173 F. Supp. 934 | S.D. Cal. | 1959

BOLDT, District Judge.

In this proceeding the Engineers’ Club of Los Angeles seeks recovery of federal excise taxes on dues and fees collected by the club from its members and paid for periods from the second quarter 1953 to the third quarter 1955. The questions presented are: (1) Is plaintiff a social club within 26 U.S.C. § 4241? (2) What effect is to be given to plaintiff’s exemption from federal income taxes on the application therefor submitted by plaintiff on Treasury Department Form 1025 ? (3) Are the requirements of 26 U.S.C. § 6415(a) and Treasury Regulation 43, Sec. 101.42(b), pertaining to consent of persons entitled to refund of excise tax for payment thereof to the collecting agency, met by a resolution to such effect of the directors of the collecting agency ?

*936Under Tr.Reg. 43, 101.24 and all cited cases,1 determination of the social or nonsocial status of a club is largely a question of fact. If the basic purposes and program of the organization are essentially technical and professional, incidental and limited social features such as the serving of meals and refreshments and the like will not alter the nonsocial status of the group. On the other hand, where the social program and facilities are a material purpose of the club and such activities are substantial in nature and extent, for excise tax purposes the organization is properly classified as a social organization, even though it has nonsocial purposes and functions. Judged by any of the criteria discussed in the cited cases a clear preponderance of the evidence shows that the basic, principal and motivating purposes and activities of plaintiff in the instant case are nonsocial and that its social activities are merely incidental and subordinate. Substantial change in plaintiff’s purposes or program with respect of social activities following the period here in question will justify a reappraisal of plaintiff’s nonsocial status.

Revenue Ruling 56-334 provides that an organization held exempt

from income tax is to be considered a social, athletic or sporting club for the purpose of excise tax on club dues. Literally interpreted, this ruling is in conflict with the statute, 26 U.S.C. § 501(c) (7), because it does not take into account clubs other than social, athletic or sporting, which are organized and operated for “other nonprofitable purposes.” The printed portions of U.S.Treas.Dept. Form 1025 refer only to social clubs and make no reference to clubs having other nonprofitable purposes. Such circumstance, and the use of such form by a club claiming income tax exemption, each in itself, has no controlling legal significance or probative value in determining the social or nonsocial status of a club. Statements inserted in Form 1025 concerning the purposes and program of a particular club are to be considered for such significance as they may have in determining the status of such club. Some of the language written in the Form 1025 in the present case somewhat indicates that plaintiff is a social club. However, as above stated, the circumstances as a whole show the contrary.
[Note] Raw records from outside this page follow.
lemma EF1_two_items:
  assumes "k \<ge> 2" and "EF1 k l e1 e2 \<pi>"
    and "x \<in> agents k l" "y \<in> agents k l" "x \<noteq> y"
    and "g1 \<in> bundle_of k \<pi> y" "g2 \<in> bundle_of k \<pi> y" "g1 \<noteq> g2"
    and "c \<le> val k e1 e2 x g1" "c \<le> val k e1 e2 x g2"
  shows "c \<le> v k e1 e2 x (bundle_of k \<pi> x)"
proof -
  obtain g where le: "v k e1 e2 x (bundle_of k \<pi> y - {g}) \<le> v k e1 e2 x (bundle_of k \<pi> x)"
    using assms(2-6) unfolding EF1_def by blast
  obtain g' where "g' \<in> bundle_of k \<pi> y - {g}" "c \<le> val k e1 e2 x g'"
    using assms(6-10) by (cases "g = g1") auto
  then have "c \<le> v k e1 e2 x (bundle_of k \<pi> y - {g})"
    using val_le_v [OF assms(1)] finite_bundle_of by (meson finite_Diff order.trans)
  with le show ?thesis
    by linarith
qed

lemma EF1_at_most_one_ItC:
  assumes "k \<ge> 2" and "EF1 k l e1 e2 \<pi>"
    and "i0 < l" "j0 < k" "bundle_of k \<pi> (AgA i0 j0) = {}"
    and "x \<in> agents k l" "ItC c \<in> bundle_of k \<pi> x" "ItC c' \<in> bundle_of k \<pi> x"
  shows "c = c'"
proof (rule ccontr)
  assume "c \<noteq> c'"
  have "x \<noteq> AgA i0 j0"
    using assms(5,7) by auto
  moreover have "AgA i0 j0 \<in> agents k l"
    using assms(3,4) by (auto simp: agents_def)
  ultimately have
    "val k e1 e2 (AgA i0 j0) (ItC c) \<le> v k e1 e2 (AgA i0 j0) (bundle_of k \<pi> (AgA i0 j0))"
    using \<open>c \<noteq> c'\<close> assms(1,2,6-8)
    by (intro EF1_two_items [of _ _ _ _ _ _ x "ItC c" "ItC c'"]) auto
  then show False
    using val_AgA_ItC_pos [OF assms(1)] assms(5) by (simp add: v_def)
qed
The statute 26 U.S.C. § 6415(a) and Tr.Reg. 43, Sec. 101.42(b) empha*937size the necessity of personal consent by the taxpayer for allowance of an excise tax refund when sought by the agency collecting the tax. It is not necessary to determine whether a resolution of club directors could in any circumstances sufficiently establish proof of such consent because of the particular facts shown in evidence, including the belated adoption of the directors’ resolution following a partially unsuccessful canvass of plaintiff’s membership for personally executed consent. Under the circumstances recovery must be limited to the amount shown by the written consent of members of record herein. Plaintiff’s contention of waiver of proof of consent is not sustained in law or fact.

Findings, conclusions and judgment in conformity herewith may be presented at the convenience of counsel.
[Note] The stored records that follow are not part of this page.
lemma perturbed_gradient_step_decrease:
  fixes phi :: "'a::real_inner \<Rightarrow> real"
  assumes grad: "\<And>u. GDERIV phi u :> grad u"
    and lip: "\<And>u v. norm (grad u - grad v) \<le> L * norm (u - v)"
    and "\<gamma> > 0" "L > 0" "\<gamma> * L < 2"
  obtains c K where "c > 0" "K > 0"
    "\<And>x e. phi (x - \<gamma> *\<^sub>R (grad x + e)) \<le> phi x - c * (norm (grad x))\<^sup>2 + K * (norm e)\<^sup>2"
proof -
  define c where "c = \<gamma> * (1 - L * \<gamma> / 2)"
  define a where "a = \<gamma> * (1 - L * \<gamma>)"
  have c_pos: "c > 0" using assms(3,5) by (simp add: c_def mult.commute)
  have decrease: "phi (x - \<gamma> *\<^sub>R (grad x + e)) \<le> phi x - c / 2 * (norm (grad x))\<^sup>2
      + (a\<^sup>2 / (2 * c) + L * \<gamma>\<^sup>2 / 2) * (norm e)\<^sup>2" for x e
  proof -
    define g where "g = grad x"
    have "phi (x - \<gamma> *\<^sub>R (g + e)) \<le> phi x + inner g (- (\<gamma> *\<^sub>R (g + e))) + L / 2 * (norm (\<gamma> *\<^sub>R (g + e)))\<^sup>2"
      using lipschitz_gradient_quadratic_bound[OF grad lip, of "x - \<gamma> *\<^sub>R (g + e)" x] by (simp add: g_def)
    also have "\<dots> = phi x - c * (norm g)\<^sup>2 - a * inner g e + L * \<gamma>\<^sup>2 / 2 * (norm e)\<^sup>2"
      unfolding c_def a_def power2_norm_eq_inner
      by (simp add: inner_add_left inner_add_right inner_commute algebra_simps power2_eq_square)
    finally have quadratic: "phi (x - \<gamma> *\<^sub>R (g + e))
        \<le> phi x - c * (norm g)\<^sup>2 - a * inner g e + L * \<gamma>\<^sup>2 / 2 * (norm e)\<^sup>2" .
    have "- a * inner g e \<le> \<bar>a\<bar> * \<bar>inner g e\<bar>" by (simp add: abs_mult[symmetric])
    also have "\<dots> \<le> norm g * (\<bar>a\<bar> * norm e)"
      using Cauchy_Schwarz_ineq2[of g e] by (simp add: mult_left_mono algebra_simps)
    also have "\<dots> \<le> c / 2 * (norm g)\<^sup>2 + a\<^sup>2 / (2 * c) * (norm e)\<^sup>2"
      using mult_le_weighted_sum_squares[OF c_pos, of "norm g" "\<bar>a\<bar> * norm e"]
      by (simp add: power_mult_distrib)
    finally show ?thesis using quadratic by (simp add: g_def algebra_simps)
  qed
  show thesis
  proof (rule that)
    show "c / 2 > 0" using c_pos by simp
    show "a\<^sup>2 / (2 * c) + L * \<gamma>\<^sup>2 / 2 > 0" using c_pos assms(3,4) by (intro add_nonneg_pos) auto
  qed (rule decrease)
qed

theorem proposition2:
  fixes phi :: "real^'n \<Rightarrow> real" and grad :: "real^'n \<Rightarrow> real^'n"
    and L \<gamma> :: real and ustar :: "real^'n"
  assumes "assumption_A phi grad L ustar"
    and "0 < \<gamma> * L" and "\<gamma> * L < 2"
  shows "ISS_discrete (\<lambda>u e. u - \<gamma> *\<^sub>R (grad u + e)) {ustar}"
proof -
  from assms(1) obtain \<mu>1 \<mu>2 where gderiv: "\<And>u. GDERIV phi u :> grad u" and "L > 0"
    and grad_ustar: "grad ustar = 0" and \<mu>1: "class_Kinf \<mu>1" and \<mu>2: "class_Kinf \<mu>2"
    and lower: "\<And>u. \<mu>1 (norm (u - ustar)) \<le> phi u - phi ustar"
    and grad_lower: "\<And>u. \<mu>2 (phi u - phi ustar) \<le> norm (grad u)"
    and lip: "\<And>u v. norm (grad u - grad v) \<le> L * norm (u - v)"
    unfolding assumption_A_def by blast
  have "\<gamma> > 0" using assms(2) \<open>L > 0\<close> by (simp add: zero_less_mult_iff)
  then obtain c K where "c > 0" "K > 0" and decrease:
    "\<And>x e. phi (x - \<gamma> *\<^sub>R (grad x + e)) \<le> phi x - c * (norm (grad x))\<^sup>2 + K * (norm e)\<^sup>2"
    using perturbed_gradient_step_decrease[OF gderiv lip _ \<open>L > 0\<close> assms(3)] by metis
  show ?thesis
  proof (rule ISS_discrete_if_Lyapunov[where V = "\<lambda>u. phi u - phi ustar"])
    show "class_Kinf \<mu>1" by (fact \<mu>1)
    show "class_K (\<lambda>s. L / 2 * s\<^sup>2)"
      using class_Kinf_scale[OF class_Kinf_power2, of "L / 2"] \<open>L > 0\<close> by (simp add: class_Kinf_def)
    show "class_Kinf (\<lambda>v. c * (\<mu>2 v)\<^sup>2)"
      by (rule class_Kinf_scale[OF class_Kinf_comp[OF class_Kinf_power2 \<mu>2] \<open>c > 0\<close>])
    show "class_Kinf (\<lambda>w. K * w\<^sup>2)" by (rule class_Kinf_scale[OF class_Kinf_power2 \<open>K > 0\<close>])
    show "\<mu>1 (infdist u {ustar}) \<le> phi u - phi ustar" for u
      using lower by (simp add: dist_norm)
    show "phi u - phi ustar \<le> L / 2 * (infdist u {ustar})\<^sup>2" for u
      using lipschitz_gradient_quadratic_bound[OF gderiv lip, of u ustar] grad_ustar by (simp add: dist_norm)
    show "phi (x - \<gamma> *\<^sub>R (grad x + e)) - phi ustar
        \<le> phi x - phi ustar - c * (\<mu>2 (phi x - phi ustar))\<^sup>2 + K * (norm e)\<^sup>2" for x e
    proof -
      have "0 \<le> \<mu>1 (norm (x - ustar))"
        using \<mu>1 by (simp add: class_Kinf_def class_K_nonneg)
      then have "0 \<le> \<mu>2 (phi x - phi ustar)"
        using \<mu>2 lower[of x] by (simp add: class_Kinf_def class_K_nonneg)
      then have "(\<mu>2 (phi x - phi ustar))\<^sup>2 \<le> (norm (grad x))\<^sup>2"
        by (rule power_mono[OF grad_lower])
      then show ?thesis using decrease[of x e] \<open>c > 0\<close> by (smt (verit) mult_left_mono)
    qed
  qed
qed

end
. Clubs held social: Railroad-Machinery Club of N. Y. v. United States, 95 F. Supp. 822, 1951, 118 Ct.Cl. 542; Bankers Club of America, Inc. v. United States, 1949, S7 F.Supp. 253, 115 Ct.Cl. 50; Drug & Chemical Club of New York v. United States, 1949, 115 Ct.Cl. 66, certiorari denied 340 U.S. 810, 71 S.Ct. 37, 95 L.Ed. 595; Turks Head Club v. Broderick, 1 Cir., 1948, 166 F.2d 877; Engineer’s Club of Philadelphia v. United States, 1942, 42 F.Supp. 182, 95 Ct.Cl. 42; Duquesne Club v. Bell, 3 Cir., 1942, 127 F.2d 363, 143 A.L.R. 1377; Chicago Engineers’ Club v. United States, 1935, 9 F.Supp. 680, 80 Ct.Cl. 615; Saginaw Club v. United States, Ct.Cl. 1934, 7 F.Supp. 302; The Lambs v. United States, 1934, 8 F.Supp. 737, 81 Ct.Cl. 216, certiorari denied 297 U.S. 713, 56 S.Ct. 589, 80 L.Ed. 999; Union League Club of Chicago v. United States, 1933, 4 F.Supp. 929, 78 Ct.Cl. 351; Army and Navy Club of America v. United States, Ct.Cl.1931, 53 F.2d 277.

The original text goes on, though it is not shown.